[Collected data entries]
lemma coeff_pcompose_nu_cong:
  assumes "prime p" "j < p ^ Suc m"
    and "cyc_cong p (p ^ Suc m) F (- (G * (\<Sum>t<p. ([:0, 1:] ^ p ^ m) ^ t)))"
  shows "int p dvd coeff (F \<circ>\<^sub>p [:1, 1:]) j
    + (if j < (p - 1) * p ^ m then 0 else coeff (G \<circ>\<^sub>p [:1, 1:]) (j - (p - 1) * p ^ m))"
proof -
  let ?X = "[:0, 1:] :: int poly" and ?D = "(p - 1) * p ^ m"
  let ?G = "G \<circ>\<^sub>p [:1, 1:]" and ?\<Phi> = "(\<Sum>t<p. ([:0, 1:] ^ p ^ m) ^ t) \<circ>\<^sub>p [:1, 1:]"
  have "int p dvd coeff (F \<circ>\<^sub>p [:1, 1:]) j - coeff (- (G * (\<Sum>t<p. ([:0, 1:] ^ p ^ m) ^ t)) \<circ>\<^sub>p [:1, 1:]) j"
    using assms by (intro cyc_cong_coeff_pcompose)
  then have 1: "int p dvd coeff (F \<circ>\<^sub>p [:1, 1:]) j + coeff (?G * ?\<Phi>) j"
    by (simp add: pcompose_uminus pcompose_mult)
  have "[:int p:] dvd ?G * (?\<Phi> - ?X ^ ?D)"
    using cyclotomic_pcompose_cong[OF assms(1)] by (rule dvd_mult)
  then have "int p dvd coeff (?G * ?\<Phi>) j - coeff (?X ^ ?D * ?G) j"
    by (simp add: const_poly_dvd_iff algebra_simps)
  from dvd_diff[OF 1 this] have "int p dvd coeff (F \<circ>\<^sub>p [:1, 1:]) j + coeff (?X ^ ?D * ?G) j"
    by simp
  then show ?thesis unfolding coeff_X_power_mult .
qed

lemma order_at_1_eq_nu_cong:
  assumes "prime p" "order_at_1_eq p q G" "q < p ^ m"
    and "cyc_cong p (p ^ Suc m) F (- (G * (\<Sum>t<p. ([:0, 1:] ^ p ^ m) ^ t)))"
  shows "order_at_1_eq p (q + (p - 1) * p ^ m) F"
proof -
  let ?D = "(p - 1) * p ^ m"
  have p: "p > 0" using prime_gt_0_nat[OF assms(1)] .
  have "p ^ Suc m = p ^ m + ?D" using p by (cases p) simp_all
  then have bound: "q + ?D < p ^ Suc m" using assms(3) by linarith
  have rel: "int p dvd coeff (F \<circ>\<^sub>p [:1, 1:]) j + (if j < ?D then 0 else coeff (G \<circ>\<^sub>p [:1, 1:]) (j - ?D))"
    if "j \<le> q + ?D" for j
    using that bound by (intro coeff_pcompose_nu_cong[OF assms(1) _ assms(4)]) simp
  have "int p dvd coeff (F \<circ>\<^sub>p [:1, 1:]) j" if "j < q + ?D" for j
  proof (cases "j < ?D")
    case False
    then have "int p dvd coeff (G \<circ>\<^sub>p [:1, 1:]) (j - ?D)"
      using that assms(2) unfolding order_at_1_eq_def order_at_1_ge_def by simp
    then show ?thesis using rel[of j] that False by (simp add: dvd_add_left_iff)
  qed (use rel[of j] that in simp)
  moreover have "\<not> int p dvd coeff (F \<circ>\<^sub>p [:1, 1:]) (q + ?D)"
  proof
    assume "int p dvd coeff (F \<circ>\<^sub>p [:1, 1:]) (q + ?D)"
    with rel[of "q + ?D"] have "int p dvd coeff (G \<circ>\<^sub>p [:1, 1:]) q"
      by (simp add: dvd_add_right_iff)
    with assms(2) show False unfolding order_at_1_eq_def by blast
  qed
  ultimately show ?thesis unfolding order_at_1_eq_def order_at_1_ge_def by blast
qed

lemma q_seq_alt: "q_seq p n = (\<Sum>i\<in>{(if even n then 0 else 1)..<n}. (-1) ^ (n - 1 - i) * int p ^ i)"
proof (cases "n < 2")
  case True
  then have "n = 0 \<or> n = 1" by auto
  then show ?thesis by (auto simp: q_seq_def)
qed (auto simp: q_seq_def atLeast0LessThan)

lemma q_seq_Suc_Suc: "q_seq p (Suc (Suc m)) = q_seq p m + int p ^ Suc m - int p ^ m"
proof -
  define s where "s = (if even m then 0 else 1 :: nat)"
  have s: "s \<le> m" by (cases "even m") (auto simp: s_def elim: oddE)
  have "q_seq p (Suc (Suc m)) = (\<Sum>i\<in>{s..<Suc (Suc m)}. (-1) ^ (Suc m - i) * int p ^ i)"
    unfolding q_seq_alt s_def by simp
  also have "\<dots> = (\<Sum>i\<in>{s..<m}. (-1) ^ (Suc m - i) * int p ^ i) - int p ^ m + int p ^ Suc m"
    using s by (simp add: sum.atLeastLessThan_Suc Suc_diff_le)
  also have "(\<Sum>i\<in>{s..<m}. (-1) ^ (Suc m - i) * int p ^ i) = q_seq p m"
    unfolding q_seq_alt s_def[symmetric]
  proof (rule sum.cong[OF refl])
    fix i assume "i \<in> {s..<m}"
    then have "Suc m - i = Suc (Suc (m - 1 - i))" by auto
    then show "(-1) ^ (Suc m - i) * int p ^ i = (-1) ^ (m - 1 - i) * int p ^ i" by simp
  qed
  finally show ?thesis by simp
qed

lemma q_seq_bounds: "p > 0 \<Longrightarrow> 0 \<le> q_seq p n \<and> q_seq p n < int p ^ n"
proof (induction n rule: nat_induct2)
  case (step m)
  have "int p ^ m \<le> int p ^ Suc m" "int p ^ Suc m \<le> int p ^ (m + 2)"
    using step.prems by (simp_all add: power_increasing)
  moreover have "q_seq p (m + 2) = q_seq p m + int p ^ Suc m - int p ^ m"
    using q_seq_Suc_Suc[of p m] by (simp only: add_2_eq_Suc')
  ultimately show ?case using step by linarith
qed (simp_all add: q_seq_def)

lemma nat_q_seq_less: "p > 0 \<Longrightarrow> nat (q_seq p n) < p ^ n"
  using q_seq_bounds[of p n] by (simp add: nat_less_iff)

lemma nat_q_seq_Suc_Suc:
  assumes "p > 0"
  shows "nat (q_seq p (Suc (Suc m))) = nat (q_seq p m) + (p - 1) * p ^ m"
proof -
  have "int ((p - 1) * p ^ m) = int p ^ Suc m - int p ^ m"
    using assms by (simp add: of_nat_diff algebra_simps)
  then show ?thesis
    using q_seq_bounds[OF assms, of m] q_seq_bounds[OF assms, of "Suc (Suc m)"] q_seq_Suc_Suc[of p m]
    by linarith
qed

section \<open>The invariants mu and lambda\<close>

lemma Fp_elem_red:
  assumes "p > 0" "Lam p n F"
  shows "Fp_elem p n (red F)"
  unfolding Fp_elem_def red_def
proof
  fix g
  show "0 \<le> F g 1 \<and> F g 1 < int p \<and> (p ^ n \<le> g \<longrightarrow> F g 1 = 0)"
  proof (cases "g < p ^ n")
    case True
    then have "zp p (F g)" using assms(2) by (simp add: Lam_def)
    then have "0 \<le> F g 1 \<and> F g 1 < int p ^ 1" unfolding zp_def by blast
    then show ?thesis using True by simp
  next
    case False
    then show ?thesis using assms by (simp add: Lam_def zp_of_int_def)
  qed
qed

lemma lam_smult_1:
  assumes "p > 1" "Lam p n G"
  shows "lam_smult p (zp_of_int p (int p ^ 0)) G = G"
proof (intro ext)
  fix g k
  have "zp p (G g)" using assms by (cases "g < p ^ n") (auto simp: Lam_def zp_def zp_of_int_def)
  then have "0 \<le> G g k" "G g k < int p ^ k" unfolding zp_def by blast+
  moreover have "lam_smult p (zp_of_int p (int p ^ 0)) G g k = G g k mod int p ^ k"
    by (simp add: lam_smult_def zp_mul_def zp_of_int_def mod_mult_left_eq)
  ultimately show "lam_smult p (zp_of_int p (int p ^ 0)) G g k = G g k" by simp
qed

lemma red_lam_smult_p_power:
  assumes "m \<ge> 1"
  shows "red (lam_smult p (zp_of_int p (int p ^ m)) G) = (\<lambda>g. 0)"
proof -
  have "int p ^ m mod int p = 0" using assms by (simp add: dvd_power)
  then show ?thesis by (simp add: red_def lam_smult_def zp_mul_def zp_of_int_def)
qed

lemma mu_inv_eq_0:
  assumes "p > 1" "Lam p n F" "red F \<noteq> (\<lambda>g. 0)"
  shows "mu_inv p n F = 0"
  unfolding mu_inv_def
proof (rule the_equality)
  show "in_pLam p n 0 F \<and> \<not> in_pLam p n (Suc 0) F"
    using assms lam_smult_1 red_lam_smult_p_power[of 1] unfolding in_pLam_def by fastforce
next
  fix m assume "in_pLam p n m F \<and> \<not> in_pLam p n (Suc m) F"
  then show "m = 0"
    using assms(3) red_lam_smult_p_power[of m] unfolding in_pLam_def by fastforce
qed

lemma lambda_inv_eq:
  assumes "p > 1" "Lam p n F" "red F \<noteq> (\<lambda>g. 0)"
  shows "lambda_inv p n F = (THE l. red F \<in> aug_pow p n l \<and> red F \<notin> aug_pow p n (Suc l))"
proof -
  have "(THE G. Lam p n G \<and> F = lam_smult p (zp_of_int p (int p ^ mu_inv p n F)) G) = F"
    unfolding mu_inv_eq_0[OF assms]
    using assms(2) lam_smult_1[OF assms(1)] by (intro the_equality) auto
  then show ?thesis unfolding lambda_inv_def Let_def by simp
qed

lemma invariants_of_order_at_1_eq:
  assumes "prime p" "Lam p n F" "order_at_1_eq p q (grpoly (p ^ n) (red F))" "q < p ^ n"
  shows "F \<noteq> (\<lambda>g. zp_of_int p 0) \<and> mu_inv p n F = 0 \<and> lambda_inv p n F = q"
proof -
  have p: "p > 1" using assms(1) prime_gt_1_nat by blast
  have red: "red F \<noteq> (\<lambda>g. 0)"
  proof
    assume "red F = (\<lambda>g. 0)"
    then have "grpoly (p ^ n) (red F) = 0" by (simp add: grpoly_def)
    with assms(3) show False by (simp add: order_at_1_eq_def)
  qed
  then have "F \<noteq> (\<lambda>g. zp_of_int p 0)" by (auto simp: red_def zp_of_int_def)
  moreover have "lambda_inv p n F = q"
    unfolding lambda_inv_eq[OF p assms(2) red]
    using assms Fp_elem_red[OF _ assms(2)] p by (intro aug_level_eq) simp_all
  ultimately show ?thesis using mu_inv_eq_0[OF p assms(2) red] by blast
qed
--
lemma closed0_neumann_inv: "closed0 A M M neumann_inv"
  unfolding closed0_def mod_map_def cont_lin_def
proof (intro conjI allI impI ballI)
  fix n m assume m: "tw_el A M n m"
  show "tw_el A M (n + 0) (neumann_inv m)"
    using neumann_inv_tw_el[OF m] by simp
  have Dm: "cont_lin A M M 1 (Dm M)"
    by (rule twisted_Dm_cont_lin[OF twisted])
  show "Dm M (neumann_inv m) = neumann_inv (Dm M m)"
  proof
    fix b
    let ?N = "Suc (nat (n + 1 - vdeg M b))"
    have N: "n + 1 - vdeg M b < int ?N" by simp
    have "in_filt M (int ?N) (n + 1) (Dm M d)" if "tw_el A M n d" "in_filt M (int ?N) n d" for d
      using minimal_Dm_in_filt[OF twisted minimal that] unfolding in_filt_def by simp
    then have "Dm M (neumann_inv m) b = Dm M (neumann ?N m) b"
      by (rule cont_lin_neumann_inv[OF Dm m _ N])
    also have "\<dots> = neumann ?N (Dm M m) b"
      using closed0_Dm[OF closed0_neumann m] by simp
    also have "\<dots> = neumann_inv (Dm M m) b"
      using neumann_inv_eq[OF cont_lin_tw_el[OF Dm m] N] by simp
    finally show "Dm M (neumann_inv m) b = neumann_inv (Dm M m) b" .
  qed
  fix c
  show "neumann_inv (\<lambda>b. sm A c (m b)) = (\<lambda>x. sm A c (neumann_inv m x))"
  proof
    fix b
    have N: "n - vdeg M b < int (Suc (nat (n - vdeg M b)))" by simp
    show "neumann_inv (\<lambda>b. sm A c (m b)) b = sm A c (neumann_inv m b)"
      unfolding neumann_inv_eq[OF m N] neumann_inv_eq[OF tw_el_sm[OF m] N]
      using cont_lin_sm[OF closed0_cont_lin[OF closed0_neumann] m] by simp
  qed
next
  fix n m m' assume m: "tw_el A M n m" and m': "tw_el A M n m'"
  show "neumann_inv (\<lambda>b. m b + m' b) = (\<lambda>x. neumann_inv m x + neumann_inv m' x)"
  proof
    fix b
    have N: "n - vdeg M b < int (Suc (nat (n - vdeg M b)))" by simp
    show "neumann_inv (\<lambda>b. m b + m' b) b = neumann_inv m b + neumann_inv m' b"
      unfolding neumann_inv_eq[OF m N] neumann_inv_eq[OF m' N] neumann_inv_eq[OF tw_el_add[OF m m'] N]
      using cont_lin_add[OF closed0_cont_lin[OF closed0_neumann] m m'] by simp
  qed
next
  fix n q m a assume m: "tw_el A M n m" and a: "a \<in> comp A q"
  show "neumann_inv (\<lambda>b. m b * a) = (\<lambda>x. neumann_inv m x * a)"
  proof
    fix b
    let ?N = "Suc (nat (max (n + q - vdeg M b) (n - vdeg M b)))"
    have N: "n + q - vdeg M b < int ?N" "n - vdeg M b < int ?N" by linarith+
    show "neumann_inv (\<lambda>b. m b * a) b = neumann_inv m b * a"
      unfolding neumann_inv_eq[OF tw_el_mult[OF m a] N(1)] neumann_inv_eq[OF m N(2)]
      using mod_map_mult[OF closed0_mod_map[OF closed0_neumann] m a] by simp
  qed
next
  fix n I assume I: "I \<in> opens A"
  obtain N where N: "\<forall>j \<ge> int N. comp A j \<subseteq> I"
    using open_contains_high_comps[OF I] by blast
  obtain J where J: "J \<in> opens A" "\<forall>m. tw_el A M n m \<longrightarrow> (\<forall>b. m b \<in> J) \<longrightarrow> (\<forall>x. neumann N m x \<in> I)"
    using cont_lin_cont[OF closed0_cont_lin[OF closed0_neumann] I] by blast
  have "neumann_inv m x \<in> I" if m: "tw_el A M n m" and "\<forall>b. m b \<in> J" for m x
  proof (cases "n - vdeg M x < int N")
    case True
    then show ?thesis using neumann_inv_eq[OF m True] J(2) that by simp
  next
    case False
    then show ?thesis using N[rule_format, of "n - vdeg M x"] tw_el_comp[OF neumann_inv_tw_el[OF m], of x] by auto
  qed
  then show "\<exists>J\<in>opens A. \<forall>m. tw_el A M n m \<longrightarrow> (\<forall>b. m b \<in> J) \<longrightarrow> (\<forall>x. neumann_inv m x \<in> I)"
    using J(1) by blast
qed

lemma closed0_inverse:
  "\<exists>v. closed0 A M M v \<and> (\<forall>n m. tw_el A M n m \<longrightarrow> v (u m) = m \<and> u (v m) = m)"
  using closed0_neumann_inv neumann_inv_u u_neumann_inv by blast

◆ **Task directions**:
When you find a line in the records that contains the word "even", copy it.

◆ **Written answer**:
lemma q_seq_alt: "q_seq p n = (\<Sum>i\<in>{(if even n then 0 else 1)..<n}. (-1) ^ (n - 1 - i) * int p ^ i)"
  define s where "s = (if even m then 0 else 1 :: nat)"
  have s: "s \<le> m" by (cases "even m") (auto simp: s_def elim: oddE)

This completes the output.